**What to produce**
I need the records below retyped exactly.

**Provided information**

lemma T_pullback_limit:
  assumes "strict_mono r" "(pullback y \<circ> r) \<longlonglongrightarrow> u"
  shows "T *v u = \<rho> *\<^sub>R y"
proof -
  have "(s n *\<^sub>R h n) *v pullback y n = s n *\<^sub>R approx y n" for n
    by (simp add: pullback_def matrix_inv_h scaleR_matrix_vector_assoc[symmetric])
  moreover have "(\<lambda>n. (s (r n) *\<^sub>R h (r n)) *v pullback y (r n)) \<longlonglongrightarrow> T *v u"
    using tendsto_matrix_vector_mult[OF LIMSEQ_subseq_LIMSEQ[OF lim_T assms(1)] assms(2)]
    by (simp add: o_def)
  moreover have "(\<lambda>n. s (r n) *\<^sub>R approx y (r n)) \<longlonglongrightarrow> \<rho> *\<^sub>R y"
    using tendsto_scaleR[OF LIMSEQ_subseq_LIMSEQ[OF s_tendsto assms(1)]
      LIMSEQ_subseq_LIMSEQ[OF approx_tendsto assms(1)]] by (simp add: o_def)
  ultimately show ?thesis using LIMSEQ_unique by simp
qed

lemma T_preimage:
  assumes y: "y \<in> closure D" "comparable x y"
  obtains u where "u \<in> D" "T *v u = \<rho> *\<^sub>R y" "y \<in> closure (C \<inter> D) \<Longrightarrow> u \<in> C"
proof -
  obtain M where M: "1 \<le> M" "M *\<^sub>R x - y \<in> closure D" "M *\<^sub>R y - x \<in> closure D"
    using y(2) unfolding comparable_def by blast
  obtain r u where r: "strict_mono r" "(pullback y \<circ> r) \<longlonglongrightarrow> u"
    using bounded_imp_convergent_subsequence[OF bounded_pullback[OF y(1) M(1,2)]] by blast
  have "(\<lambda>n. pullback y (r n) - (1 / M) *\<^sub>R \<kappa> (r n)) \<longlonglongrightarrow> u - (1 / M) *\<^sub>R k"
    using tendsto_diff[OF r(2) tendsto_scaleR[OF tendsto_const LIMSEQ_subseq_LIMSEQ[OF lim_\<kappa> r(1)]]]
    by (simp add: o_def)
  hence "u - (1 / M) *\<^sub>R k \<in> closure D"
    by (rule closed_sequentially[OF closed_closure, rotated]) (simp add: pullback_lower[OF M(1,3)])
  hence "(1 / M) *\<^sub>R k + (u - (1 / M) *\<^sub>R k) \<in> D"
    using M(1) by (intro D_add_closure_D D_scaleR[OF k_in_D]) simp_all
  hence "u \<in> D" by simp
  moreover have "u \<in> C" if "y \<in> closure (C \<inter> D)"
  proof -
    have "pullback y n \<in> C" for n
      unfolding pullback_def using G_maps_C[OF G_matrix_inv[OF h(1)] approx_in_C[OF that]] .
    hence "u \<in> closure C"
      unfolding closure_sequential using r(2) by (intro exI[of _ "pullback y \<circ> r"]) simp
    thus ?thesis using \<open>u \<in> D\<close> D_subset_\<Omega> closure_C_Int_\<Omega> by blast
  qed
  ultimately show thesis using that T_pullback_limit[OF r] by blast
qed

lemma x_notin_\<Omega>: "x \<notin> \<Omega>"
  using x(1,4) closure_C_Int_\<Omega> by blast

lemma image_\<Omega>: "(\<lambda>v. T *v v) ` \<Omega> = open_face \<Omega> x"
proof
  have "(1 / \<rho>) *\<^sub>R k \<in> D" "T *v ((1 / \<rho>) *\<^sub>R k) = x"
    using D_scaleR[OF k_in_D] \<rho>_pos T_k by (simp_all add: matrix_vector_mult_scaleR)
  thus "(\<lambda>v. T *v v) ` \<Omega> \<subseteq> open_face \<Omega> x"
    using linear_image_open_face[OF T_nonzero T_maps_D] by blast
  show "open_face \<Omega> x \<subseteq> (\<lambda>v. T *v v) ` \<Omega>"
  proof
    fix y assume "y \<in> open_face \<Omega> x"
    then obtain c y' where y': "y = c *\<^sub>R y'" "c \<noteq> 0" "y' \<in> closure D" "comparable x y'"
      using open_face_comparable[OF x(2,3)] by blast
    obtain u where u: "u \<in> D" "T *v u = \<rho> *\<^sub>R y'" using T_preimage[OF y'(3,4)] by blast
    have "T *v ((c / \<rho>) *\<^sub>R u) = y" using u(2) \<rho>_pos y'(1) by (simp add: matrix_vector_mult_scaleR)
    moreover have "(c / \<rho>) *\<^sub>R u \<in> \<Omega>" using u(1) D_subset_\<Omega> scaleR_in_\<Omega> y'(2) \<rho>_pos by auto
    ultimately show "y \<in> (\<lambda>v. T *v v) ` \<Omega>" by blast
  qed
qed

lemma image_C: "(\<lambda>v. T *v v) ` C = open_face \<Omega> x \<inter> ideal_boundary C"
proof
  show "(\<lambda>v. T *v v) ` C \<subseteq> open_face \<Omega> x \<inter> ideal_boundary C"
  proof clarify
    fix v assume v: "v \<in> C"
    have face: "T *v v \<in> open_face \<Omega> x" using image_\<Omega> v C_subset_\<Omega> by blast
    hence "T *v v \<notin> \<Omega>" using open_face_disjoint_\<Omega> x(2,3) x_notin_\<Omega> by blast
    moreover have "T *v v \<in> closure C"
      using closure_G_image_C_subset[OF G_maps_C T_in_closure_G v] .
    moreover have "T *v v \<noteq> 0" using T_nonzero_\<Omega> v C_subset_\<Omega> by blast
    moreover have "rel_interior C \<subseteq> \<Omega>" using rel_interior_subset C_subset_\<Omega> by blast
    ultimately show "T *v v \<in> open_face \<Omega> x \<inter> ideal_boundary C" using face C_subset_\<Omega>
      unfolding ideal_boundary_def proj_boundary_def proj_closure_def proj_relint_def by blast
  qed
  show "open_face \<Omega> x \<inter> ideal_boundary C \<subseteq> (\<lambda>v. T *v v) ` C"
  proof
    fix y assume "y \<in> open_face \<Omega> x \<inter> ideal_boundary C"
    hence y: "y \<in> open_face \<Omega> x" "y \<in> closure C" "y \<noteq> 0"
      unfolding ideal_boundary_def proj_boundary_def proj_closure_def by auto
    then obtain c y' where y': "y = c *\<^sub>R y'" "c \<noteq> 0" "y' \<in> closure D" "comparable x y'"
      using open_face_comparable[OF x(2,3)] by blast
    have "y' \<in> closure C" using closure_C_scaleR[OF y(2), of "1 / c"] y'(1,2) by simp
    hence "y' \<in> closure (C \<inter> D)" using closure_C_Int_closure_D y'(1,3) y(3) by simp
    then obtain u where u: "u \<in> C" "T *v u = \<rho> *\<^sub>R y'" using T_preimage[OF y'(3,4)] by metis
    have "T *v ((c / \<rho>) *\<^sub>R u) = y" using u(2) \<rho>_pos y'(1) by (simp add: matrix_vector_mult_scaleR)
    moreover have "(c / \<rho>) *\<^sub>R u \<in> C" using u(1) scaleR_in_C y'(2) \<rho>_pos by auto
    ultimately show "y \<in> (\<lambda>v. T *v v) ` C" by blast
  qed
qed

**Solution**
lemma T_pullback_limit:
  assumes "strict_mono r" "(pullback y \<circ> r) \<longlonglongrightarrow> u"
  shows "T *v u = \<rho> *\<^sub>R y"
proof -
  have "(s n *\<^sub>R h n) *v pullback y n = s n *\<^sub>R approx y n" for n
    by (simp add: pullback_def matrix_inv_h scaleR_matrix_vector_assoc[symmetric])
  moreover have "(\<lambda>n. (s (r n) *\<^sub>R h (r n)) *v pullback y (r n)) \<longlonglongrightarrow> T *v u"
    using tendsto_matrix_vector_mult[OF LIMSEQ_subseq_LIMSEQ[OF lim_T assms(1)] assms(2)]
    by (simp add: o_def)
  moreover have "(\<lambda>n. s (r n) *\<^sub>R approx y (r n)) \<longlonglongrightarrow> \<rho> *\<^sub>R y"
    using tendsto_scaleR[OF LIMSEQ_subseq_LIMSEQ[OF s_tendsto assms(1)]
      LIMSEQ_subseq_LIMSEQ[OF approx_tendsto assms(1)]] by (simp add: o_def)
  ultimately show ?thesis using LIMSEQ_unique by simp
qed

lemma T_preimage:
  assumes y: "y \<in> closure D" "comparable x y"
  obtains u where "u \<in> D" "T *v u = \<rho> *\<^sub>R y" "y \<in> closure (C \<inter> D) \<Longrightarrow> u \<in> C"
proof -
  obtain M where M: "1 \<le> M" "M *\<^sub>R x - y \<in> closure D" "M *\<^sub>R y - x \<in> closure D"
    using y(2) unfolding comparable_def by blast
  obtain r u where r: "strict_mono r" "(pullback y \<circ> r) \<longlonglongrightarrow> u"
    using bounded_imp_convergent_subsequence[OF bounded_pullback[OF y(1) M(1,2)]] by blast
  have "(\<lambda>n. pullback y (r n) - (1 / M) *\<^sub>R \<kappa> (r n)) \<longlonglongrightarrow> u - (1 / M) *\<^sub>R k"
    using tendsto_diff[OF r(2) tendsto_scaleR[OF tendsto_const LIMSEQ_subseq_LIMSEQ[OF lim_\<kappa> r(1)]]]
    by (simp add: o_def)
  hence "u - (1 / M) *\<^sub>R k \<in> closure D"
    by (rule closed_sequentially[OF closed_closure, rotated]) (simp add: pullback_lower[OF M(1,3)])
  hence "(1 / M) *\<^sub>R k + (u - (1 / M) *\<^sub>R k) \<in> D"
    using M(1) by (intro D_add_closure_D D_scaleR[OF k_in_D]) simp_all
  hence "u \<in> D" by simp
  moreover have "u \<in> C" if "y \<in> closure (C \<inter> D)"
  proof -
    have "pullback y n \<in> C" for n
      unfolding pullback_def using G_maps_C[OF G_matrix_inv[OF h(1)] approx_in_C[OF that]] .
    hence "u \<in> closure C"
      unfolding closure_sequential using r(2) by (intro exI[of _ "pullback y \<circ> r"]) simp
    thus ?thesis using \<open>u \<in> D\<close> D_subset_\<Omega> closure_C_Int_\<Omega> by blast
  qed
  ultimately show thesis using that T_pullback_limit[OF r] by blast
qed

lemma x_notin_\<Omega>: "x \<notin> \<Omega>"
  using x(1,4) closure_C_Int_\<Omega> by blast

lemma image_\<Omega>: "(\<lambda>v. T *v v) ` \<Omega> = open_face \<Omega> x"
proof
  have "(1 / \<rho>) *\<^sub>R k \<in> D" "T *v ((1 / \<rho>) *\<^sub>R k) = x"
    using D_scaleR[OF k_in_D] \<rho>_pos T_k by (simp_all add: matrix_vector_mult_scaleR)
  thus "(\<lambda>v. T *v v) ` \<Omega> \<subseteq> open_face \<Omega> x"
    using linear_image_open_face[OF T_nonzero T_maps_D] by blast
  show "open_face \<Omega> x \<subseteq> (\<lambda>v. T *v v) ` \<Omega>"
  proof
    fix y assume "y \<in> open_face \<Omega> x"
    then obtain c y' where y': "y = c *\<^sub>R y'" "c \<noteq> 0" "y' \<in> closure D" "comparable x y'"
      using open_face_comparable[OF x(2,3)] by blast
    obtain u where u: "u \<in> D" "T *v u = \<rho> *\<^sub>R y'" using T_preimage[OF y'(3,4)] by blast
    have "T *v ((c / \<rho>) *\<^sub>R u) = y" using u(2) \<rho>_pos y'(1) by (simp add: matrix_vector_mult_scaleR)
    moreover have "(c / \<rho>) *\<^sub>R u \<in> \<Omega>" using u(1) D_subset_\<Omega> scaleR_in_\<Omega> y'(2) \<rho>_pos by auto
    ultimately show "y \<in> (\<lambda>v. T *v v) ` \<Omega>" by blast
  qed
qed

lemma image_C: "(\<lambda>v. T *v v) ` C = open_face \<Omega> x \<inter> ideal_boundary C"
proof
  show "(\<lambda>v. T *v v) ` C \<subseteq> open_face \<Omega> x \<inter> ideal_boundary C"
  proof clarify
    fix v assume v: "v \<in> C"
    have face: "T *v v \<in> open_face \<Omega> x" using image_\<Omega> v C_subset_\<Omega> by blast
    hence "T *v v \<notin> \<Omega>" using open_face_disjoint_\<Omega> x(2,3) x_notin_\<Omega> by blast
    moreover have "T *v v \<in> closure C"
      using closure_G_image_C_subset[OF G_maps_C T_in_closure_G v] .
    moreover have "T *v v \<noteq> 0" using T_nonzero_\<Omega> v C_subset_\<Omega> by blast
    moreover have "rel_interior C \<subseteq> \<Omega>" using rel_interior_subset C_subset_\<Omega> by blast
    ultimately show "T *v v \<in> open_face \<Omega> x \<inter> ideal_boundary C" using face C_subset_\<Omega>
      unfolding ideal_boundary_def proj_boundary_def proj_closure_def proj_relint_def by blast
  qed
  show "open_face \<Omega> x \<inter> ideal_boundary C \<subseteq> (\<lambda>v. T *v v) ` C"
  proof
    fix y assume "y \<in> open_face \<Omega> x \<inter> ideal_boundary C"
    hence y: "y \<in> open_face \<Omega> x" "y \<in> closure C" "y \<noteq> 0"
      unfolding ideal_boundary_def proj_boundary_def proj_closure_def by auto
    then obtain c y' where y': "y = c *\<^sub>R y'" "c \<noteq> 0" "y' \<in> closure D" "comparable x y'"
      using open_face_comparable[OF x(2,3)] by blast
    have "y' \<in> closure C" using closure_C_scaleR[OF y(2), of "1 / c"] y'(1,2) by simp
    hence "y' \<in> closure (C \<inter> D)" using closure_C_Int_closure_D y'(1,3) y(3) by simp
    then obtain u where u: "u \<in> C" "T *v u = \<rho> *\<^sub>R y'" using T_preimage[OF y'(3,4)] by metis
    have "T *v ((c / \<rho>) *\<^sub>R u) = y" using u(2) \<rho>_pos y'(1) by (simp add: matrix_vector_mult_scaleR)
    moreover have "(c / \<rho>) *\<^sub>R u \<in> C" using u(1) scaleR_in_C y'(2) \<rho>_pos by auto
    ultimately show "y \<in> (\<lambda>v. T *v v) ` C" by blast
  qed
qed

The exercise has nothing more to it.